SaskParty 64.21% (+13.29%) winning 49 seats (+11)
NDP 31.99% (-5.25%) winning 9 seats (-11)
Greens 2.89% (+0.88%) winning 0 seats (nc)
Liberal 0.55% (-8.85%) winning 0 seats (nc)
PC 0.33% (+0.15%) winning 0 seats (nc)
Others 0.03% (-0.11%) winning 0 seats (nc)
What a landslide it was. Brad Wall’s Saskatchewan Party won 64%, by far the highest vote share won by any party in Saskatchewan’s electoral history. It did not win a grand sweep victory (such support would give a party in the less polarized Maritimes), but it did reduce the NDP to its core seats. In rural areas, the SaskParty won margins upwards of 40% in most seats and well over 70% in a lot of seats there (Wall won 80.7% in Cypress Hills). It is ironic that the NDP, a party born out of agrarian socialism and rooted for most of its history in the rural areas is now massively trounced in rural areas and concentrated in urban areas and in sparsely populated northern Saskatchewan. This phenomenon is not new, given that in 2003 the NDP won very few seats outside the province’s two main cities and smaller urban areas. But it is still rather recent, given that the NDP still did pretty well in rural areas in the Prince Albert area and eastern Saskatchewan as recently as 1995.

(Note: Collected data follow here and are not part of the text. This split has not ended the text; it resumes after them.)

(* Let $\mathcal I,\mathcal X$ be non-empty sets and let $(\mathcal I,\langle\cdot\rangle_x)_{x\in\mathcal X}$ be a family of partial magmas satisfying the bi-injectivity property: for all $a,a',b\in\mathcal I$ and $x,x'\in\mathcal X$, $\langle a'b\rangle_{x'}=\langle ab\rangle_x$ implies $x'=x$ and $a'=a$. Then every map $S:\mathcal X\times\mathcal X\to\mathcal X\times\mathcal X$, $S(x,y)=(u,v)$, satisfying the associativity condition $\langle a\langle bc\rangle_y\rangle_x=\langle\langle ab\rangle_u c\rangle_v$ for all $x,y\in\mathcal X$ (with $(u,v)=S(x,y)$) and all $a,b,c\in\mathcal I$, is a pentagon map.
   Context: A partial magma $(\mathcal I,\langle\cdot\rangle)$ is a non-empty set $\mathcal I$ with a binary operation $\langle\cdot\rangle:D\to\mathcal I$, $D\subseteq\mathcal I\times\mathcal I$, written $(a,b)\mapsto\langle ab\rangle$. For a set $Y$ and $S:Y\times Y\to Y\times Y$, define on $Y^3$: $S_{12}=S\times\mathrm{id}_Y$, $S_{23}=\mathrm{id}_Y\times S$, $S_{13}(y_1,y_2,y_3)=(p,y_2,q)$ with $(p,q)=S(y_1,y_3)$. $S$ is a pentagon map if $S_{12}\circ S_{13}\circ S_{23}=S_{23}\circ S_{12}$ (rightmost applied first). *)

theory Defs
  imports Main
begin

text \<open>A partial binary operation on 'i is modelled as 'i \<Rightarrow> 'i \<Rightarrow> 'i option;
  its domain D is the set of pairs where the value is not None.\<close>

type_synonym 'i pmagma = "'i \<Rightarrow> 'i \<Rightarrow> 'i option"

definition S12 :: "('y \<times> 'y \<Rightarrow> 'y \<times> 'y) \<Rightarrow> 'y \<times> 'y \<times> 'y \<Rightarrow> 'y \<times> 'y \<times> 'y" where
  "S12 S = (\<lambda>(y1, y2, y3). let (p, q) = S (y1, y2) in (p, q, y3))"

definition S23 :: "('y \<times> 'y \<Rightarrow> 'y \<times> 'y) \<Rightarrow> 'y \<times> 'y \<times> 'y \<Rightarrow> 'y \<times> 'y \<times> 'y" where
  "S23 S = (\<lambda>(y1, y2, y3). let (p, q) = S (y2, y3) in (y1, p, q))"

definition S13 :: "('y \<times> 'y \<Rightarrow> 'y \<times> 'y) \<Rightarrow> 'y \<times> 'y \<times> 'y \<Rightarrow> 'y \<times> 'y \<times> 'y" where
  "S13 S = (\<lambda>(y1, y2, y3). let (p, q) = S (y1, y3) in (p, y2, q))"

definition pentagon_map :: "('y \<times> 'y \<Rightarrow> 'y \<times> 'y) \<Rightarrow> bool" where
  "pentagon_map S \<longleftrightarrow> S12 S \<circ> S13 S \<circ> S23 S = S23 S \<circ> S12 S"

definition bi_injective :: "('x \<Rightarrow> 'i pmagma) \<Rightarrow> bool" where
  "bi_injective m \<longleftrightarrow> (\<forall>a a' b x x' c. m x' a' b = Some c \<longrightarrow> m x a b = Some c \<longrightarrow> x' = x \<and> a' = a)"

definition assoc_cond :: "('x \<Rightarrow> 'i pmagma) \<Rightarrow> ('x \<times> 'x \<Rightarrow> 'x \<times> 'x) \<Rightarrow> bool" where
  "assoc_cond m S \<longleftrightarrow> (\<forall>x y a b c. \<exists>d.
      (case S (x, y) of (u, v) \<Rightarrow>
         Option.bind (m y b c) (\<lambda>bc. m x a bc) = Some d \<and>
         Option.bind (m u a b) (\<lambda>ab. m v ab c) = Some d))"

end

theory Submission
  imports Defs
begin

text \<open>The associativity condition forces every operation to be total. Rebracketing
  \<open>\<langle>a\<langle>b\<langle>cd\<rangle>\<^sub>z\<rangle>\<^sub>y\<rangle>\<^sub>x\<close> completely to the left along the two paths of the
  pentagon gives two expressions \<open>\<langle>\<langle>\<langle>ab\<rangle>\<^sub>r c\<rangle>\<^sub>s d\<rangle>\<^sub>t\<close> whose index triples
  \<open>(r, s, t)\<close> are \<open>S\<^sub>1\<^sub>2 S\<^sub>1\<^sub>3 S\<^sub>2\<^sub>3 (x, y, z)\<close> and \<open>S\<^sub>2\<^sub>3 S\<^sub>1\<^sub>2 (x, y, z)\<close>;
  applying bi-injectivity three times to their common value shows the triples coincide.\<close>

lemma pentagon_mapI:
  fixes S :: "'a \<times> 'a \<Rightarrow> 'a \<times> 'a"
  assumes "\<And>x y z u v p q u1 v1 u2 v2 u3 v3.
    S (x, y) = (u, v) \<Longrightarrow> S (v, z) = (p, q) \<Longrightarrow> S (y, z) = (u1, v1) \<Longrightarrow>
    S (x, v1) = (u2, v2) \<Longrightarrow> S (u2, u1) = (u3, v3) \<Longrightarrow> u3 = u \<and> v3 = p \<and> v2 = q"
  shows "pentagon_map S"
  unfolding pentagon_map_def
proof
  fix t :: "'a \<times> 'a \<times> 'a"
  obtain x y z where t: "t = (x, y, z)" by (cases t)
  obtain u v where uv: "S (x, y) = (u, v)" by fastforce
  obtain p q where pq: "S (v, z) = (p, q)" by fastforce
  obtain u1 v1 where 1: "S (y, z) = (u1, v1)" by fastforce
  obtain u2 v2 where 2: "S (x, v1) = (u2, v2)" by fastforce
  obtain u3 v3 where 3: "S (u2, u1) = (u3, v3)" by fastforce
  show "(S12 S \<circ> S13 S \<circ> S23 S) t = (S23 S \<circ> S12 S) t"
    using assms[OF uv pq 1 2 3] t uv pq 1 2 3 by (simp add: S12_def S13_def S23_def)
qed

lemma pentagon_map_if_assoc_cancel:
  fixes op :: "'x \<Rightarrow> 'i \<Rightarrow> 'i \<Rightarrow> 'i"
  assumes assoc: "\<And>x y u v a b c. S (x, y) = (u, v) \<Longrightarrow> op x a (op y b c) = op v (op u a b) c"
    and cancel: "\<And>x x' a a' b. op x' a' b = op x a b \<Longrightarrow> x' = x \<and> a' = a"
  shows "pentagon_map S"
proof (rule pentagon_mapI)
  fix x y z u v p q u1 v1 u2 v2 u3 v3
  assume uv: "S (x, y) = (u, v)" and pq: "S (v, z) = (p, q)" and 1: "S (y, z) = (u1, v1)"
    and 2: "S (x, v1) = (u2, v2)" and 3: "S (u2, u1) = (u3, v3)"
  fix a b c d :: 'i
  have "op x a (op y b (op z c d)) = op q (op p (op u a b) c) d"
    using assoc[OF uv] assoc[OF pq] by simp
  moreover have "op x a (op y b (op z c d)) = op v2 (op v3 (op u3 a b) c) d"
    using assoc[OF 1] assoc[OF 2] assoc[OF 3] by simp
  ultimately have "op q (op p (op u a b) c) d = op v2 (op v3 (op u3 a b) c) d"
    by simp
  then show "u3 = u \<and> v3 = p \<and> v2 = q"
    using cancel by metis
qed

lemma assoc_cond_defined:
  assumes "assoc_cond m S"
  shows "m x a b = Some (the (m x a b))"
proof -
  obtain d where "case S (x, x) of (u, v) \<Rightarrow>
      Option.bind (m x a b) (m x a) = Some d \<and> Option.bind (m u a a) (\<lambda>aa. m v aa b) = Some d"
    using assms unfolding assoc_cond_def by (elim allE[of _ x] allE[of _ a] allE[of _ b] exE)
  then have "Option.bind (m x a b) (m x a) \<noteq> None"
    by (auto split: prod.splits)
  then show ?thesis
    by (cases "m x a b") auto
qed

lemma assoc_cond_the:
  assumes "assoc_cond m S" and "S (x, y) = (u, v)"
  shows "the (m x a (the (m y b c))) = the (m v (the (m u a b)) c)"
proof -
  obtain d where "Option.bind (m y b c) (m x a) = Some d"
    and "Option.bind (m u a b) (\<lambda>ab. m v ab c) = Some d"
    using assms unfolding assoc_cond_def by fastforce
  then show ?thesis
    using assoc_cond_defined[OF assms(1)] by (metis bind.simps(2) option.sel)
qed

lemma bi_injective_the:
  assumes "bi_injective m" and "m x a b \<noteq> None" and "m x' a' b \<noteq> None"
    and "the (m x' a' b) = the (m x a b)"
  shows "x' = x \<and> a' = a"
  using assms unfolding bi_injective_def by fastforce

theorem mainTheorem2:
  fixes m :: "'x \<Rightarrow> 'i \<Rightarrow> 'i \<Rightarrow> 'i option"
    and S :: "'x \<times> 'x \<Rightarrow> 'x \<times> 'x"
  assumes "bi_injective m"
    and "assoc_cond m S"
  shows "pentagon_map S"
proof (rule pentagon_map_if_assoc_cancel[where op = "\<lambda>x a b. the (m x a b)"])
  show "the (m x a (the (m y b c))) = the (m v (the (m u a b)) c)"
    if "S (x, y) = (u, v)" for x y u v a b c
    using assoc_cond_the[OF assms(2) that] .
  show "x' = x \<and> a' = a" if "the (m x' a' b) = the (m x a b)" for x x' a a' b
    using bi_injective_the[OF assms(1) _ _ that] assoc_cond_defined[OF assms(2)]
    by (metis option.distinct(1))
qed

end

The SaskParty was hurt in 2003 by its inability to break through in urban Saskatoon and Regina (1 seat out of 23). In 2007, it did better in urban areas and won 5/12 seats in Saskatoon and 3/11 seats in Regina. This year, the Wallslide carried a majority of seats in both urban areas – limiting the NDP to 3/11 seats in its old Regina stronghold and 4/12 seats in Saskatoon. The SaskParty even won 74.6% in Saskatoon Silver Springs, admittedly the most conservative of all seats in the city and an affluent suburban constituency won in 2003, but still impressive. The NDP has been relegated to a rump of support in Saskatoon’s working-class low income southwest, the artsy-trendy downtown Nutana (University of Saskatchewan) and the low income neighborhoods of north central Regina.
The NDP’s case, however, is not all that dire. It was the victim of an unpopular government, not of its unpopularity or any problems for which it is entirely responsible for. The limited success of the Greens, who would have done well if the NDP had major problems of its own making, indicates that. It is possible that Wall and the SaskParty will win a third term if they remain as popular and the economy keeps doing well (it is predicted to slow down a bit, but still do well). But the NDP isn’t in bad shape. Its lack of support in rural areas is not a big deal as it can still win government by winning back urban areas and small town seats (Moose Jaw, Prince Albert, The Battlefords).
The Liberals, or rather the Liberaltarians, did very poorly. They only ran in 9 seats against 58 for the Greens, so it was to be expected that they would be outpolled pretty big by the Greens. But I think the Liberal vote in the ridings they ran in is still lower than the Green vote, and I also think it’s actually smaller than the PC vote in the ridings those guys ran in even though the PC’s only purpose nowadays is to get money and annoy the SaskParty by remaining alive. Liberal leader Ryan Bater won 11.8% in The Battlefords, which is not all that bad but probably pretty bad if you assume that the Liberal campaign was basically focused entirely on their leader’s seat. The Liberal Party is, of course, very much dead in Saskatchewan and Saskatchewan is not the place where a classical liberal-oriented Liberal Party has any chance.